YOUR GOAL »
Copy the lines below verbatim. Begin with the first and end with the line containing "This reduces everything".

RECORDS SHOWN »
(* For every integer $j\geq 2$ and every integer $m\geq 0$ with $(j,m)\notin\{(2,0),(3,0)\}$, \[ \lim_{t\to -1}(1-t^2)^{\frac{j-3}{2}+m}g_j^{(m)}(t)=0,\qquad \lim_{t\to +1}(1-t^2)^{\frac{j-3}{2}+m}g_j^{(m)}(t)=-(j-1)\,2^{m-2}\,\frac{\Gamma\big(\frac{j-3}{2}+m\big)}{\pi^{\frac{j-1}{2}}}. \]
   Context: $\omega_j$ is the surface area of $\mathbb{S}^{j-1}\subseteq\mathbb{R}^j$. The Berg functions $g_j\in C^\infty(-1,1)$, $j\ge2$, are defined by $g_2(t)=\frac{1}{2\pi}(\pi-\arccos t)(1-t^2)^{1/2}-\frac{1}{4\pi}t$, $g_3(t)=\frac{1}{2\pi}\big(1+t\log(1-t)+(\tfrac43-\log 2)t\big)$, $g_{j+2}(t)=\frac{j+1}{2\pi}g_j(t)+\frac{j+1}{2\pi(j-1)}t\,g_j'(t)+\frac{j+1}{2\pi\omega_j}t$. $g_j^{(m)}$ denotes the $m$-th derivative. *)

theory Defs
  imports "HOL-Analysis.Analysis"
begin

(* omega j = surface area of the unit sphere S^(j-1) in R^j *)
definition omega :: "nat \<Rightarrow> real" where
  "omega j = 2 * pi powr (real j / 2) / Gamma (real j / 2)"

(* Berg functions g_j, j >= 2 (indices 0,1 are unused dummies).
   g_{j+2} = (j+1)/(2pi) g_j + (j+1)/(2pi(j-1)) t g_j' + (j+1)/(2 pi omega_j) t *)
fun berg :: "nat \<Rightarrow> real \<Rightarrow> real" where
  "berg 0 = (\<lambda>t. 0)"
| "berg (Suc 0) = (\<lambda>t. 0)"
| "berg (Suc (Suc 0)) =
     (\<lambda>t. 1 / (2 * pi) * (pi - arccos t) * sqrt (1 - t\<^sup>2) - t / (4 * pi))"
| "berg (Suc (Suc (Suc 0))) =
     (\<lambda>t. 1 / (2 * pi) * (1 + t * ln (1 - t) + (4 / 3 - ln 2) * t))"
| "berg (Suc (Suc (Suc (Suc j)))) =
     (\<lambda>t. (real (j + 2) + 1) / (2 * pi) * berg (j + 2) t
        + (real (j + 2) + 1) / (2 * pi * (real (j + 2) - 1)) * t * deriv (berg (j + 2)) t
        + (real (j + 2) + 1) / (2 * pi * omega (j + 2)) * t)"

end

theory Submission
  imports Defs "HOL-Real_Asymp.Real_Asymp"
begin

text \<open>
  Put Z j m t = (1 - t^2) powr ((j - 3) / 2 + m) * g_j^(m)(t) (berg_scaled). Differentiating the
  recursion m times gives g_(j+2)^(m) = (a + b m) g_j^(m) + b t g_j^(m+1) + c t^(m) with
  b = (j + 1) / (2 pi (j - 1)), hence
  Z (j + 2) m = (a + b m) (1 - t^2) Z j m + b t Z j (m + 1) + o(1) as t tends to +1 or -1,
  and the Gamma constant C j m of the theorem (berg_limit) satisfies C (j + 2) m = b C j (m + 1).
  This reduces everything to j = 2 and j = 3. The derivatives of g_3 are explicit.
  For g_2, the function y t = (pi - arccos t) sqrt (1 - t^2) solves
  (1 - t^2) y' = - t y + (1 - t^2); differentiating m times gives a three-term recursion for
  (1 - t^2) powr (m - 1/2) y^(m), from which its boundary values follow by induction.
\<close>

section \<open>Infinitely differentiable functions\<close>

definition infinitely_differentiable_on :: "real set \<Rightarrow> (real \<Rightarrow> real) \<Rightarrow> bool" where
  "infinitely_differentiable_on S f \<longleftrightarrow>
     (\<forall>m. \<forall>t\<in>S. ((deriv ^^ m) f has_real_derivative (deriv ^^ Suc m) f t) (at t))"

lemma iterated_deriv_eqI:
  assumes S: "open S"
    and F: "\<And>m t. t \<in> S \<Longrightarrow> (F m has_real_derivative F (Suc m) t) (at t)"
    and f: "\<And>t. t \<in> S \<Longrightarrow> f t = F 0 t"
    and t: "t \<in> S"
  shows "(deriv ^^ m) f t = F m t"
  using t
proof (induction m arbitrary: t)
  case 0
  then show ?case
    by (simp add: f)
next
  case (Suc m)
  have "((deriv ^^ m) f has_real_derivative F (Suc m) t) (at t)"
    using F[OF Suc.prems] S Suc.prems
    by (rule has_field_derivative_transform_within_open) (simp add: Suc.IH)
  then show ?case
    by (simp add: DERIV_imp_deriv)
qed

lemma infinitely_differentiable_onI:
  assumes S: "open S"
    and F: "\<And>m t. t \<in> S \<Longrightarrow> (F m has_real_derivative F (Suc m) t) (at t)"
    and f: "\<And>t. t \<in> S \<Longrightarrow> f t = F 0 t"
  shows "infinitely_differentiable_on S f"
  unfolding infinitely_differentiable_on_def
proof (intro allI ballI)
  fix m t
  assume t: "t \<in> S"
  have "((deriv ^^ m) f has_real_derivative F (Suc m) t) (at t)"
    using F[OF t] S t
    by (rule has_field_derivative_transform_within_open) (simp add: iterated_deriv_eqI[OF S F f])
  then show "((deriv ^^ m) f has_real_derivative (deriv ^^ Suc m) f t) (at t)"
    by (simp only: iterated_deriv_eqI[OF S F f t])
qed

lemma isCont_iterated_deriv:
  assumes "infinitely_differentiable_on S f" and "t \<in> S"
  shows "isCont ((deriv ^^ m) f) t"
  using assms unfolding infinitely_differentiable_on_def by (blast intro: DERIV_isCont)

lemma infinitely_differentiable_on_ident: "infinitely_differentiable_on UNIV (\<lambda>x. x)"
  by (rule infinitely_differentiable_onI[where F = "\<lambda>m t. if m = 0 then t else if m = 1 then 1 else 0"])
     (auto intro!: derivative_eq_intros)

lemma infinitely_differentiable_on_one_minus_sq: "infinitely_differentiable_on UNIV (\<lambda>x. 1 - x\<^sup>2)"
proof (rule infinitely_differentiable_onI)
  fix m and t :: real
  show "((\<lambda>t. if m = 0 then 1 - t\<^sup>2 else if m = 1 then - 2 * t else if m = 2 then - 2 else 0)
      has_real_derivative
      (if Suc m = 0 then 1 - t\<^sup>2 else if Suc m = 1 then - 2 * t else if Suc m = 2 then - 2 else 0)) (at t)"
    by (cases "m > 2") (auto intro!: derivative_eq_intros simp: numeral_2_eq_2 less_Suc_eq)
qed simp_all

lemma has_real_derivative_from_product_eq:
  assumes S: "open S" "t \<in> S"
    and eq: "\<And>x. x \<in> S \<Longrightarrow> q x * g x = N x" and nonzero: "\<And>x. x \<in> S \<Longrightarrow> q x \<noteq> 0"
    and q: "(q has_real_derivative q') (at t)" and N: "(N has_real_derivative N') (at t)"
  shows "(g has_real_derivative (N' - q' * g t) / q t) (at t)"
proof -
  have "((\<lambda>x. N x / q x) has_real_derivative (N' * q t - N t * q') / (q t * q t)) (at t)"
    using N q nonzero[OF S(2)] by (rule DERIV_divide)
  moreover have "(N' * q t - N t * q') / (q t * q t) = (N' - q' * g t) / q t"
    using eq[OF S(2), symmetric] nonzero[OF S(2)] by (simp add: field_simps)
  ultimately have "((\<lambda>x. N x / q x) has_real_derivative (N' - q' * g t) / q t) (at t)"
    by simp
  then show ?thesis
    by (rule has_field_derivative_transform_within_open[OF _ S]) (use eq nonzero in \<open>simp add: field_simps\<close>)
qed

definition berg_step :: "real \<Rightarrow> real \<Rightarrow> real \<Rightarrow> (real \<Rightarrow> real) \<Rightarrow> real \<Rightarrow> real" where
  "berg_step a b c f t = a * f t + b * t * deriv f t + c * t"

lemma
  assumes S: "open S" and f: "infinitely_differentiable_on S f"
  shows iterated_deriv_berg_step: "t \<in> S \<Longrightarrow> (deriv ^^ m) (berg_step a b c f) t =
      (a + b * real m) * (deriv ^^ m) f t + b * t * (deriv ^^ Suc m) f t + c * (deriv ^^ m) (\<lambda>x. x) t"
    and infinitely_differentiable_on_berg_step: "infinitely_differentiable_on S (berg_step a b c f)"
proof -
  define F where "F m t = (a + b * real m) * (deriv ^^ m) f t + b * t * (deriv ^^ Suc m) f t
      + c * (deriv ^^ m) (\<lambda>x. x) t" for m t
  have F_deriv: "(F m has_real_derivative F (Suc m) t) (at t)" if "t \<in> S" for m t
  proof -
    have f': "((deriv ^^ k) f has_real_derivative (deriv ^^ Suc k) f t) (at t)"
      and id': "((deriv ^^ k) (\<lambda>x. x) has_real_derivative (deriv ^^ Suc k) (\<lambda>x. x) t) (at t)" for k
      using f infinitely_differentiable_on_ident \<open>t \<in> S\<close>
      unfolding infinitely_differentiable_on_def by blast+
    show ?thesis
      unfolding F_def by (rule derivative_eq_intros f' id' refl)+ (simp add: algebra_simps)
  qed
  have "berg_step a b c f t = F 0 t" for t
    by (simp add: F_def berg_step_def)
  then show "t \<in> S \<Longrightarrow> (deriv ^^ m) (berg_step a b c f) t = F m t"
    and "infinitely_differentiable_on S (berg_step a b c f)"
    by (auto intro: iterated_deriv_eqI infinitely_differentiable_onI S F_deriv)
qed

lemma one_minus_sq_pos: "t \<in> {-1<..<1} \<Longrightarrow> 1 - t\<^sup>2 > (0::real)"
  by (auto simp: abs_square_less_1 abs_less_iff)

lemma powr_real_plus_1: "(a::real) > 0 \<Longrightarrow> a powr (x + 1) = a * a powr x"
  by (simp add: powr_add)

lemma at_within_Ioo_endpoints:
  shows "at (-1) within {-1<..<1} = at_right (-1 :: real)"
    and "at 1 within {-1<..<1} = at_left (1 :: real)"
proof -
  show "at (-1) within {-1<..<1} = at_right (-1 :: real)"
    by (rule at_within_nhd[where S = "{..<1}"]) auto
  show "at 1 within {-1<..<1} = at_left (1 :: real)"
    by (rule at_within_nhd[where S = "{-1<..}"]) auto
qed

OUTPUT OF THE EXERCISE »
(* For every integer $j\geq 2$ and every integer $m\geq 0$ with $(j,m)\notin\{(2,0),(3,0)\}$, \[ \lim_{t\to -1}(1-t^2)^{\frac{j-3}{2}+m}g_j^{(m)}(t)=0,\qquad \lim_{t\to +1}(1-t^2)^{\frac{j-3}{2}+m}g_j^{(m)}(t)=-(j-1)\,2^{m-2}\,\frac{\Gamma\big(\frac{j-3}{2}+m\big)}{\pi^{\frac{j-1}{2}}}. \]
   Context: $\omega_j$ is the surface area of $\mathbb{S}^{j-1}\subseteq\mathbb{R}^j$. The Berg functions $g_j\in C^\infty(-1,1)$, $j\ge2$, are defined by $g_2(t)=\frac{1}{2\pi}(\pi-\arccos t)(1-t^2)^{1/2}-\frac{1}{4\pi}t$, $g_3(t)=\frac{1}{2\pi}\big(1+t\log(1-t)+(\tfrac43-\log 2)t\big)$, $g_{j+2}(t)=\frac{j+1}{2\pi}g_j(t)+\frac{j+1}{2\pi(j-1)}t\,g_j'(t)+\frac{j+1}{2\pi\omega_j}t$. $g_j^{(m)}$ denotes the $m$-th derivative. *)

theory Defs
  imports "HOL-Analysis.Analysis"
begin

(* omega j = surface area of the unit sphere S^(j-1) in R^j *)
definition omega :: "nat \<Rightarrow> real" where
  "omega j = 2 * pi powr (real j / 2) / Gamma (real j / 2)"

(* Berg functions g_j, j >= 2 (indices 0,1 are unused dummies).
   g_{j+2} = (j+1)/(2pi) g_j + (j+1)/(2pi(j-1)) t g_j' + (j+1)/(2 pi omega_j) t *)
fun berg :: "nat \<Rightarrow> real \<Rightarrow> real" where
  "berg 0 = (\<lambda>t. 0)"
| "berg (Suc 0) = (\<lambda>t. 0)"
| "berg (Suc (Suc 0)) =
     (\<lambda>t. 1 / (2 * pi) * (pi - arccos t) * sqrt (1 - t\<^sup>2) - t / (4 * pi))"
| "berg (Suc (Suc (Suc 0))) =
     (\<lambda>t. 1 / (2 * pi) * (1 + t * ln (1 - t) + (4 / 3 - ln 2) * t))"
| "berg (Suc (Suc (Suc (Suc j)))) =
     (\<lambda>t. (real (j + 2) + 1) / (2 * pi) * berg (j + 2) t
        + (real (j + 2) + 1) / (2 * pi * (real (j + 2) - 1)) * t * deriv (berg (j + 2)) t
        + (real (j + 2) + 1) / (2 * pi * omega (j + 2)) * t)"

end

theory Submission
  imports Defs "HOL-Real_Asymp.Real_Asymp"
begin

text \<open>
  Put Z j m t = (1 - t^2) powr ((j - 3) / 2 + m) * g_j^(m)(t) (berg_scaled). Differentiating the
  recursion m times gives g_(j+2)^(m) = (a + b m) g_j^(m) + b t g_j^(m+1) + c t^(m) with
  b = (j + 1) / (2 pi (j - 1)), hence
  Z (j + 2) m = (a + b m) (1 - t^2) Z j m + b t Z j (m + 1) + o(1) as t tends to +1 or -1,
  and the Gamma constant C j m of the theorem (berg_limit) satisfies C (j + 2) m = b C j (m + 1).
  This reduces everything to j = 2 and j = 3. The derivatives of g_3 are explicit.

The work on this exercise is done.